## INFORMATION SHOWN
.....

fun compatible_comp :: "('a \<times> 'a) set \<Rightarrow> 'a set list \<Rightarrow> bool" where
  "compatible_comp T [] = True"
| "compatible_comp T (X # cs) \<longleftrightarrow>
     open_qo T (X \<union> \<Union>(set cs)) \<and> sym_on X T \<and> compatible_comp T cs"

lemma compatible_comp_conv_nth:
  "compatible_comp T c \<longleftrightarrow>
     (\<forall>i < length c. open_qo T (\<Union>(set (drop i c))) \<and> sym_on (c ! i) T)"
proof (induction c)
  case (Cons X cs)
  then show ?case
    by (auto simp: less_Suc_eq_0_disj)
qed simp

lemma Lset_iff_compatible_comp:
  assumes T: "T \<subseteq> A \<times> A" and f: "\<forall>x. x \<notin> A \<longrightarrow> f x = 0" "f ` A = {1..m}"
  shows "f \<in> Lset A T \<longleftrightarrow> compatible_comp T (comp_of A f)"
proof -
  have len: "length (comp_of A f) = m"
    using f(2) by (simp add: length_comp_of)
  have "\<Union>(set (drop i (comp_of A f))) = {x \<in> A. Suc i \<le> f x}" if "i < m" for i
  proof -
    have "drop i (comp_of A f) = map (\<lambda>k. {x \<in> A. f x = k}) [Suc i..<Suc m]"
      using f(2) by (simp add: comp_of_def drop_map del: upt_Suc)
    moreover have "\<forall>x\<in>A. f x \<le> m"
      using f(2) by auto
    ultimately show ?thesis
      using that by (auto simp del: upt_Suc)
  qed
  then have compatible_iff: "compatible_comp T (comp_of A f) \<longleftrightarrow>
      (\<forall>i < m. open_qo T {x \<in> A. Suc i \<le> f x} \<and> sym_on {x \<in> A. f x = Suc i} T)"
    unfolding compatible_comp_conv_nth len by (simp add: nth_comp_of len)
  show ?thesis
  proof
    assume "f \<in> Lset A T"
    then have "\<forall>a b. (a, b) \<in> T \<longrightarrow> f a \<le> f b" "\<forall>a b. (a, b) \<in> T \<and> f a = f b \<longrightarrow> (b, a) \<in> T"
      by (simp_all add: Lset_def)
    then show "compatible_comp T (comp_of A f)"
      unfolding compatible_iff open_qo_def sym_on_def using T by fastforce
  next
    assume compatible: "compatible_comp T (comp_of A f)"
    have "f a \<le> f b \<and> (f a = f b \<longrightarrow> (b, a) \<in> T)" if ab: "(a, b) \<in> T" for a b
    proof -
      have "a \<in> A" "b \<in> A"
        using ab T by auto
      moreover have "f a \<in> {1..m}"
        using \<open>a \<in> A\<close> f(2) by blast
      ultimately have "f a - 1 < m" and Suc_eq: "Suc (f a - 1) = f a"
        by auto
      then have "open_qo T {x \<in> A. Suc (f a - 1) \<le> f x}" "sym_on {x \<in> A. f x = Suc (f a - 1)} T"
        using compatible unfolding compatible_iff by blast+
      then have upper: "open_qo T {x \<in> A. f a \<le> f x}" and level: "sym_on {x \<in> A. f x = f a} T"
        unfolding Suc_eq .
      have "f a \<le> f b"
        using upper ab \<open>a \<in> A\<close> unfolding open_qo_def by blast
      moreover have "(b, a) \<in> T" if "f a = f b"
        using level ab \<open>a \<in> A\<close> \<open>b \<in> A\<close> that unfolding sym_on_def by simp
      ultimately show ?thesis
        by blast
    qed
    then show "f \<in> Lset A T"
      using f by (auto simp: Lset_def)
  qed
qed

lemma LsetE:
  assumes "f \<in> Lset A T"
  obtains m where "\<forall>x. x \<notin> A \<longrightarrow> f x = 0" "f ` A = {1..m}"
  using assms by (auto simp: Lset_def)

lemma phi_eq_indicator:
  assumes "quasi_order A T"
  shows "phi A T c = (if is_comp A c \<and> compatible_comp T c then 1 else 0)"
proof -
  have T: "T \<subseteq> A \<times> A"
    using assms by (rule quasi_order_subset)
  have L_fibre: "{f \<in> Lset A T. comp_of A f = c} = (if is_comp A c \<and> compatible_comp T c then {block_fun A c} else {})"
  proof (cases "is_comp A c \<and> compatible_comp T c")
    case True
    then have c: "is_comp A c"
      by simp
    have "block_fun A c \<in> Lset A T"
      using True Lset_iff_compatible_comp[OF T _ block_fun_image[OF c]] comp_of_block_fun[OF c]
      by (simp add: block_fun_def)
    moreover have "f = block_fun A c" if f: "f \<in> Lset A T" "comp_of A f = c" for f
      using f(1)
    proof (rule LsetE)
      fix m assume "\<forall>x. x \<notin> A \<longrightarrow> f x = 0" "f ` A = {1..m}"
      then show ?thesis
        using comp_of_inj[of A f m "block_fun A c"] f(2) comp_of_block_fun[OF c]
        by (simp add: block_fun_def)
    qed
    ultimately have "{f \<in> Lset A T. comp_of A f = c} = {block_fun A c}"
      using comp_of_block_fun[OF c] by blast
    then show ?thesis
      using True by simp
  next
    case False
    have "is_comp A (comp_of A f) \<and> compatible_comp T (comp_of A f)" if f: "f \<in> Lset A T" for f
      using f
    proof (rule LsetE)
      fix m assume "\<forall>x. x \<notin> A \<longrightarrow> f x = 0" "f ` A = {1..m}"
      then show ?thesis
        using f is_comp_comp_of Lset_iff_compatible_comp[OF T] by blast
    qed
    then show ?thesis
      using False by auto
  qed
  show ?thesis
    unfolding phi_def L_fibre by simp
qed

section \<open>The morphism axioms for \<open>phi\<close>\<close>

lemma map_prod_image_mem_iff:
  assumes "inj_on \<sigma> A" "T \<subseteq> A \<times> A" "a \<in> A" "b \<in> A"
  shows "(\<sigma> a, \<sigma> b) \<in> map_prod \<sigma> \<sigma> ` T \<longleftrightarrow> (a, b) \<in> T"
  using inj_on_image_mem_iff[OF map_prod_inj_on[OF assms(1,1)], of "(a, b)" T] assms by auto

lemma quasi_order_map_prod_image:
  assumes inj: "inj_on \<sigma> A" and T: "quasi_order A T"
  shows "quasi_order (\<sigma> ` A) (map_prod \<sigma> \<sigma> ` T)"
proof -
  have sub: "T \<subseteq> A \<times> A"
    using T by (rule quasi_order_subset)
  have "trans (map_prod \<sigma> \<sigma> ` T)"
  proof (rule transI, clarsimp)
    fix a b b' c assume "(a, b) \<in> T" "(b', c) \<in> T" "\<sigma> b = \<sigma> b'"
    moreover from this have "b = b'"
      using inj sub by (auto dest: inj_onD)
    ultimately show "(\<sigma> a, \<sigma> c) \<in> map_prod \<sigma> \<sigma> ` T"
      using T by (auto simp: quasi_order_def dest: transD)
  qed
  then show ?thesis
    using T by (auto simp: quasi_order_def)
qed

.....

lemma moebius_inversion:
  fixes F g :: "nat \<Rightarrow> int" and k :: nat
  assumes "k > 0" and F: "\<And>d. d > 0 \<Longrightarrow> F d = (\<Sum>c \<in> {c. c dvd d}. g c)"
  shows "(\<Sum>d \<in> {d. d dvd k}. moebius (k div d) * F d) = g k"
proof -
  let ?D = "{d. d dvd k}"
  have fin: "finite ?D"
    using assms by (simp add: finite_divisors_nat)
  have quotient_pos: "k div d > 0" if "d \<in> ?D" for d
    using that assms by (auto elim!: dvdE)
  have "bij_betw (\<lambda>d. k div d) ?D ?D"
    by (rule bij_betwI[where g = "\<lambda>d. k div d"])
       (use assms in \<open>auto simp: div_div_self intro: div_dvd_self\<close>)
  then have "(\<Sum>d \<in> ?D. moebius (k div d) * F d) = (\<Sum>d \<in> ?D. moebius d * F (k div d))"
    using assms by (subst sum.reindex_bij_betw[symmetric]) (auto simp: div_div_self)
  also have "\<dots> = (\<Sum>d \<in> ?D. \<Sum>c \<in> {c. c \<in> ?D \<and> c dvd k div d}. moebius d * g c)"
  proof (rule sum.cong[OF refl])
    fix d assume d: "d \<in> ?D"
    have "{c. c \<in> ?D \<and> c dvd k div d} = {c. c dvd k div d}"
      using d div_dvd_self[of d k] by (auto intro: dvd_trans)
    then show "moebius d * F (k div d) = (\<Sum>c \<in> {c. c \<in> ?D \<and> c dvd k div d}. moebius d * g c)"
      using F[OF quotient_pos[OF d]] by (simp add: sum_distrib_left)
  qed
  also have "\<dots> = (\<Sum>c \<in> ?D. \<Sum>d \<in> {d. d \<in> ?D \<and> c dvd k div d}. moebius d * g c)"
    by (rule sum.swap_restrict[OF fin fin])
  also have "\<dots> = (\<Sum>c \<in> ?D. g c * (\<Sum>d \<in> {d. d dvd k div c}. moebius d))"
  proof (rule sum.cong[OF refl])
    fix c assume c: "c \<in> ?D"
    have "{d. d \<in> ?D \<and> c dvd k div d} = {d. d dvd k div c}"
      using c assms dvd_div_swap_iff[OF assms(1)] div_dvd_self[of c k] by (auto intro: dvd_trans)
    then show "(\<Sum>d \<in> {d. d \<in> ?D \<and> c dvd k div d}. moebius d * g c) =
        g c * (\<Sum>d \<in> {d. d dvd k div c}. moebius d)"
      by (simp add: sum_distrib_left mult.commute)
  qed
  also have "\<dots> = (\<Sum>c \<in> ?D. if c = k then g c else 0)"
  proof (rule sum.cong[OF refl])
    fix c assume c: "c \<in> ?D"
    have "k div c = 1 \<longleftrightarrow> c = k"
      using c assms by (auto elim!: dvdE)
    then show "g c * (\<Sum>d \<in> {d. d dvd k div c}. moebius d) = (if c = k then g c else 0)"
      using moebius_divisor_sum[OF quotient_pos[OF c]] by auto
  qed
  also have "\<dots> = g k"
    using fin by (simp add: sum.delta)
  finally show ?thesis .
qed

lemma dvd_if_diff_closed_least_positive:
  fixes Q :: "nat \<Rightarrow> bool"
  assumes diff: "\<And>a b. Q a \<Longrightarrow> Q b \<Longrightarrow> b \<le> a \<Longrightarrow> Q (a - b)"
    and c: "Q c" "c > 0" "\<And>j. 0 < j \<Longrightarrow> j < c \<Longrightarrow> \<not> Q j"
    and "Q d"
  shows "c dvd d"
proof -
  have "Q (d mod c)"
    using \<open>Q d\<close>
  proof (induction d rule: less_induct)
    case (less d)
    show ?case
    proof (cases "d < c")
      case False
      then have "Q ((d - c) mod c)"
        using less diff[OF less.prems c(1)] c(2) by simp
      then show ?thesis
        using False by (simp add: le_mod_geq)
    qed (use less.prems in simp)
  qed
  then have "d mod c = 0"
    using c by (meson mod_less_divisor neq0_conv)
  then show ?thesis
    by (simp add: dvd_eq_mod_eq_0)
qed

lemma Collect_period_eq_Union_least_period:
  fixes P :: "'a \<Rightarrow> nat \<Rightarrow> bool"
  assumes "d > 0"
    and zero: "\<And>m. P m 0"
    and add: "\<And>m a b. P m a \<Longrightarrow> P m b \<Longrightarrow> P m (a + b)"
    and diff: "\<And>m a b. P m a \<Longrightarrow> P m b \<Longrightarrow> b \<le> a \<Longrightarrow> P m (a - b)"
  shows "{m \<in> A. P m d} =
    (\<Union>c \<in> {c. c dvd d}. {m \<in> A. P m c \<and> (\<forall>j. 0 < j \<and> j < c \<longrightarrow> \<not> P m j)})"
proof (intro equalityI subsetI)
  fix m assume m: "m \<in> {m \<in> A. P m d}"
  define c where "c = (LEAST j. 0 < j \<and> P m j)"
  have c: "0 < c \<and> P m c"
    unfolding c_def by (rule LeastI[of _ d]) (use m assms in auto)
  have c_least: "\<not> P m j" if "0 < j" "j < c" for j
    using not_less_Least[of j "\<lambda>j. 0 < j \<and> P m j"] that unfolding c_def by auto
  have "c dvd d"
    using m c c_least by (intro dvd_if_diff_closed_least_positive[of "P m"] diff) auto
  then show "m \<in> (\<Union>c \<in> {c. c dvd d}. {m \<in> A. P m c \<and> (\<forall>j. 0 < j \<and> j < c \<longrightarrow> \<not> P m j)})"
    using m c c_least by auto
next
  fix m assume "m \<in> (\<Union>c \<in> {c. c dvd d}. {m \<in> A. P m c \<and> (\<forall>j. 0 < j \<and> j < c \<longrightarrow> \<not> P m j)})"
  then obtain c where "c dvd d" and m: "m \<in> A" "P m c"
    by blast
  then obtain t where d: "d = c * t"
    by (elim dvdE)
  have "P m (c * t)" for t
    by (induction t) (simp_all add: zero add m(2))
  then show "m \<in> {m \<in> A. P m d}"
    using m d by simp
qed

.....

## PROBLEM TO WORK ON
Among the lines of the listing above, tally the ones holding the string "True" and give that count alone.

## RESPONSE BOX
4